Cost and Profitability Analysis
Cost of sales escalated significantly from NGN181.56bn in FY:2023 to NGN294.72bn in FY:2024, marking an increase of 62.31%. Despite this steeper cost base, gross profit improved from NGN19.83bn in FY:2023 to NGN28.41bn in FY:2024, representing a YoY increase of 43.27%. The higher input costs did compress margins, yet the company successfully translated increased sales volumes into stronger absolute profitability. Operating expenses also experienced notable rises—distribution expenses increased by 80.66% (from NGN2.76bn to NGN4.99bn) and administrative expenses by 27.54% (from NGN4.49bn to NGN5.73bn). Finance costs nearly doubled, rising by 98.68% from NGN1.96bn in FY:2023 to NGN3.88bn in FY:2024. These pressures resulted in a 12.50% increase in profit before tax—from NGN12.28bn in FY:2023 to NGN13.81bn in FY:2024—and a 15.40% rise in profit for the year, from NGN9.87bn to NGN11.39bn. Basic earnings per share (in kobo) improved from 1,422 to 1,641, mirroring the overall profitability enhancement.

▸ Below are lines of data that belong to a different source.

lemma PiM_many_hits_event:
  assumes M: "finite_measure M" and B: "B \<in> sets M"
  obtains E where "E \<in> sets (PiM {..<N} (\<lambda>_. M))"
    "{\<omega> \<in> space (PiM {..<N} (\<lambda>_. M)). t \<le> card {i. i < N \<and> \<omega> i \<in> B}} \<subseteq> E"
    "emeasure (PiM {..<N} (\<lambda>_. M)) E
       \<le> ennreal (real (N choose t) * (measure M B ^ t * measure M (space M) ^ (N - t)))"
proof -
  define P where "P = PiM {..<N} (\<lambda>_. M)"
  define Ts where "Ts = {T. T \<subseteq> {..<N} \<and> card T = t}"
  define E where "E T = PiE {..<N} (\<lambda>i. if i \<in> T then B else space M)" for T
  have fTs: "finite Ts"
    by (simp add: Ts_def finite_Pow_iff)
  have E: "E T \<in> sets P" for T
    unfolding E_def P_def using B by (intro sets_PiM_I_finite) auto
  have mE: "emeasure P (E T) = ennreal (measure M B ^ t * measure M (space M) ^ (N - t))" if "T \<in> Ts" for T
  proof -
    have T: "T \<subseteq> {..<N}" "card T = t"
      using that by (auto simp: Ts_def)
    have "emeasure P (E T) = ennreal (\<Prod>i<N. measure M (if i \<in> T then B else space M))"
      unfolding E_def P_def using B
      by (intro emeasure_PiM_PiE_finite_measure[OF M, of _ "\<lambda>i. if i \<in> T then B else space M"]) auto
    also have "(\<Prod>i<N. measure M (if i \<in> T then B else space M))
        = (\<Prod>i<N. if i \<in> T then measure M B else measure M (space M))"
      by (rule prod.cong) auto
    also have "\<dots> = measure M B ^ card ({..<N} \<inter> T) * measure M (space M) ^ card ({..<N} - T)"
      by (simp add: prod.If_cases Diff_eq)
    also have "{..<N} \<inter> T = T"
      using T by auto
    also have "card ({..<N} - T) = N - t"
      using T by (simp add: card_Diff_subset[OF finite_subset[OF T(1)]])
    finally show ?thesis
      using T by simp
  qed
  have cover: "{\<omega> \<in> space P. t \<le> card {i. i < N \<and> \<omega> i \<in> B}} \<subseteq> (\<Union>T\<in>Ts. E T)"
  proof
    fix \<omega> assume "\<omega> \<in> {\<omega> \<in> space P. t \<le> card {i. i < N \<and> \<omega> i \<in> B}}"
    then have \<omega>: "\<omega> \<in> PiE {..<N} (\<lambda>_. space M)" "t \<le> card {i. i < N \<and> \<omega> i \<in> B}"
      by (auto simp: P_def space_PiM)
    then obtain T where T: "T \<subseteq> {i. i < N \<and> \<omega> i \<in> B}" "card T = t"
      using obtain_subset_with_card_n[OF \<omega>(2)] by blast
    then have "T \<in> Ts" "\<omega> \<in> E T"
      using \<omega>(1) by (auto simp: Ts_def E_def PiE_def Pi_def)
    then show "\<omega> \<in> (\<Union>T\<in>Ts. E T)"
      by blast
  qed
  have "emeasure P (\<Union>T\<in>Ts. E T) \<le> (\<Sum>T\<in>Ts. emeasure P (E T))"
    using E by (intro emeasure_subadditive_finite[OF fTs]) auto
  also have "\<dots> = ennreal (real (N choose t) * (measure M B ^ t * measure M (space M) ^ (N - t)))"
    using mE n_subsets[of "{..<N}" t]
    by (simp add: Ts_def ennreal_mult' ennreal_of_nat_eq_real_of_nat)
  finally show ?thesis
    using E fTs by (intro that[folded P_def, OF _ cover]) auto
qed

text \<open>The two summands bound the (unnormalised) measure of the events that no sample point lies
  in \<open>A u\<close>, resp. that at least \<open>t\<close> of them lie in \<open>B u\<close>.\<close>

lemma exists_hitting_sparse_sample:
  fixes M :: "'a measure" and A B :: "'v \<Rightarrow> 'a set"
  assumes M: "finite_measure M" and V: "finite V"
    and AB: "\<And>u. u \<in> V \<Longrightarrow> A u \<in> sets M \<and> B u \<in> sets M"
    and small: "(\<Sum>u\<in>V. measure M (space M - A u) ^ N
               + real (N choose t) * (measure M (B u) ^ t * measure M (space M) ^ (N - t)))
               < measure M (space M) ^ N"
  shows "\<exists>\<omega>. (\<forall>i<N. \<omega> i \<in> space M) \<and>
           (\<forall>u\<in>V. (\<exists>i<N. \<omega> i \<in> A u) \<and> card {i. i < N \<and> \<omega> i \<in> B u} < t)"
proof (rule ccontr)
  assume none: "\<not> ?thesis"
  define P where "P = PiM {..<N} (\<lambda>_. M)"
  define Miss where "Miss u = PiE {..<N} (\<lambda>_. space M - A u)" for u
  define Many where "Many u = {\<omega> \<in> space P. t \<le> card {i. i < N \<and> \<omega> i \<in> B u}}" for u
  have spP: "space P = PiE {..<N} (\<lambda>_. space M)"
    by (simp add: P_def space_PiM)
  have Miss: "Miss u \<in> sets P" "emeasure P (Miss u) = ennreal (measure M (space M - A u) ^ N)"
    if "u \<in> V" for u
    using AB[OF that] unfolding Miss_def P_def
    by (auto intro!: sets_PiM_I_finite simp: emeasure_PiM_PiE_finite_measure[OF M])
  have "\<forall>u\<in>V. \<exists>E. E \<in> sets P \<and> {\<omega> \<in> space P. t \<le> card {i. i < N \<and> \<omega> i \<in> B u}} \<subseteq> E \<and>
      emeasure P E \<le> ennreal (real (N choose t) * (measure M (B u) ^ t * measure M (space M) ^ (N - t)))"
  proof
    fix u assume "u \<in> V"
    then obtain E where "E \<in> sets P" "{\<omega> \<in> space P. t \<le> card {i. i < N \<and> \<omega> i \<in> B u}} \<subseteq> E"
      "emeasure P E \<le> ennreal (real (N choose t) * (measure M (B u) ^ t * measure M (space M) ^ (N - t)))"
      unfolding P_def using AB by (blast intro: PiM_many_hits_event[OF M])
    then show "\<exists>E. E \<in> sets P \<and> {\<omega> \<in> space P. t \<le> card {i. i < N \<and> \<omega> i \<in> B u}} \<subseteq> E \<and>
      emeasure P E \<le> ennreal (real (N choose t) * (measure M (B u) ^ t * measure M (space M) ^ (N - t)))"
      by blast
  qed
  from bchoice[OF this] obtain Many where Many: "\<forall>u\<in>V. Many u \<in> sets P \<and>
      {\<omega> \<in> space P. t \<le> card {i. i < N \<and> \<omega> i \<in> B u}} \<subseteq> Many u \<and>
      emeasure P (Many u) \<le> ennreal (real (N choose t) * (measure M (B u) ^ t * measure M (space M) ^ (N - t)))" ..
  have MM: "Miss u \<union> Many u \<in> sets P" if "u \<in> V" for u
    using Miss(1) Many that by blast
  have "space P \<subseteq> (\<Union>u\<in>V. Miss u \<union> Many u)"
  proof
    fix \<omega> assume \<omega>: "\<omega> \<in> space P"
    then obtain u where u: "u \<in> V" "\<not> ((\<exists>i<N. \<omega> i \<in> A u) \<and> card {i. i < N \<and> \<omega> i \<in> B u} < t)"
      using none spP by auto
    show "\<omega> \<in> (\<Union>u\<in>V. Miss u \<union> Many u)"
    proof (cases "\<exists>i<N. \<omega> i \<in> A u")
      case True
      then have "t \<le> card {i. i < N \<and> \<omega> i \<in> B u}"
        using u(2) by simp
      then have "\<omega> \<in> Many u"
        using Many u(1) \<omega> by blast
      with u(1) show ?thesis
        by blast
    next
      case False
      then have "\<omega> \<in> Miss u"
        using \<omega> spP by (auto simp: Miss_def PiE_def Pi_def)
      with u(1) show ?thesis
        by blast
    qed
  qed
  then have "emeasure P (space P) \<le> emeasure P (\<Union>u\<in>V. Miss u \<union> Many u)"
    using MM V by (intro emeasure_mono sets.finite_UN) auto
  also have "\<dots> \<le> (\<Sum>u\<in>V. emeasure P (Miss u \<union> Many u))"
    using MM by (intro emeasure_subadditive_finite[OF V]) auto
  also have "\<dots> \<le> (\<Sum>u\<in>V. emeasure P (Miss u) + emeasure P (Many u))"
    using Miss Many by (intro sum_mono emeasure_subadditive) auto
  also have "\<dots> \<le> (\<Sum>u\<in>V. ennreal (measure M (space M - A u) ^ N
               + real (N choose t) * (measure M (B u) ^ t * measure M (space M) ^ (N - t))))"
    using Miss Many by (intro sum_mono) (auto simp: ennreal_plus intro: add_left_mono)
  also have "\<dots> = ennreal (\<Sum>u\<in>V. measure M (space M - A u) ^ N
               + real (N choose t) * (measure M (B u) ^ t * measure M (space M) ^ (N - t)))"
    by (rule sum_ennreal) simp
  finally have "emeasure P (space P) \<le> ennreal (\<Sum>u\<in>V. measure M (space M - A u) ^ N
               + real (N choose t) * (measure M (B u) ^ t * measure M (space M) ^ (N - t)))" .
  moreover have "emeasure P (space P) = ennreal (measure M (space M) ^ N)"
    unfolding spP unfolding P_def by (subst emeasure_PiM_PiE_finite_measure[OF M]) auto
  ultimately show False
    using small by (simp add: ennreal_le_iff sum_nonneg)
qed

Balance Sheet and Cash Flow
The balance sheet exhibited considerable strengthening in FY:2024. Total assets grew by 16.50%, increasing from NGN97.48bn in FY:2023 to NGN113.57bn in FY:2024. Non-current assets expanded by 25.06% (from NGN3.87bn to NGN4.84bn), while current assets increased by 16.16% (from NGN93.61bn to NGN108.73bn). Shareholders’ funds surged by 27.07%, rising from NGN33.15bn to NGN42.11bn, which underscores improved financial resilience, even as total liabilities increased from NGN64.33bn to NGN71.46bn.
Cash flow performance underscored a significant turnaround. Conoil Plc generated a net cash inflow from operating activities of NGN8.35bn in FY:2024, reversing a net cash outflow of NGN16.46bn in FY:2023. This improvement reflects more efficient working capital management and better cash conversion from core operations. Outflows from investing activities increased to NGN1.81bn (from NGN0.71bn) as the company continued to reinvest in its asset base, while financing activities witnessed higher outflows of NGN6.31bn compared to NGN3.69bn in FY:2023, driven primarily by increased dividend payouts and higher finance costs.
Analytical Outlook
Looking ahead, whilst we expect continued positive performance, though certain challenges remain. The commencement of operations by the Dangote Refinery introduces new dynamics to the domestic Premium Motor Spirit (PMS) market. The Dangote Refinery has reduced the ex-depot price of petrol from NGN950 to NGN890 per litre, aiming to align with global energy sector trends and alleviate consumer costs. This development is expected to intensify competition in the PMS market, potentially impacting Conoil Plc’s market share and pricing strategies. However, the company’s established brand presence and extensive distribution network may provide a competitive edge in maintaining customer loyalty.
Additionally, declining global oil prices, influenced by increasing geopolitical tensions, could lead to lower domestic fuel prices. While this may reduce revenue per litre, it is anticipated to boost sales volumes as consumers benefit from more affordable fuel. This volume increase could offset the lower unit prices, potentially sustaining overall revenue levels. The decrease in energy costs could also contribute to lower cost margins as well and increased profitability. Therefore, we place a BUY recommendation on Conoil Plc.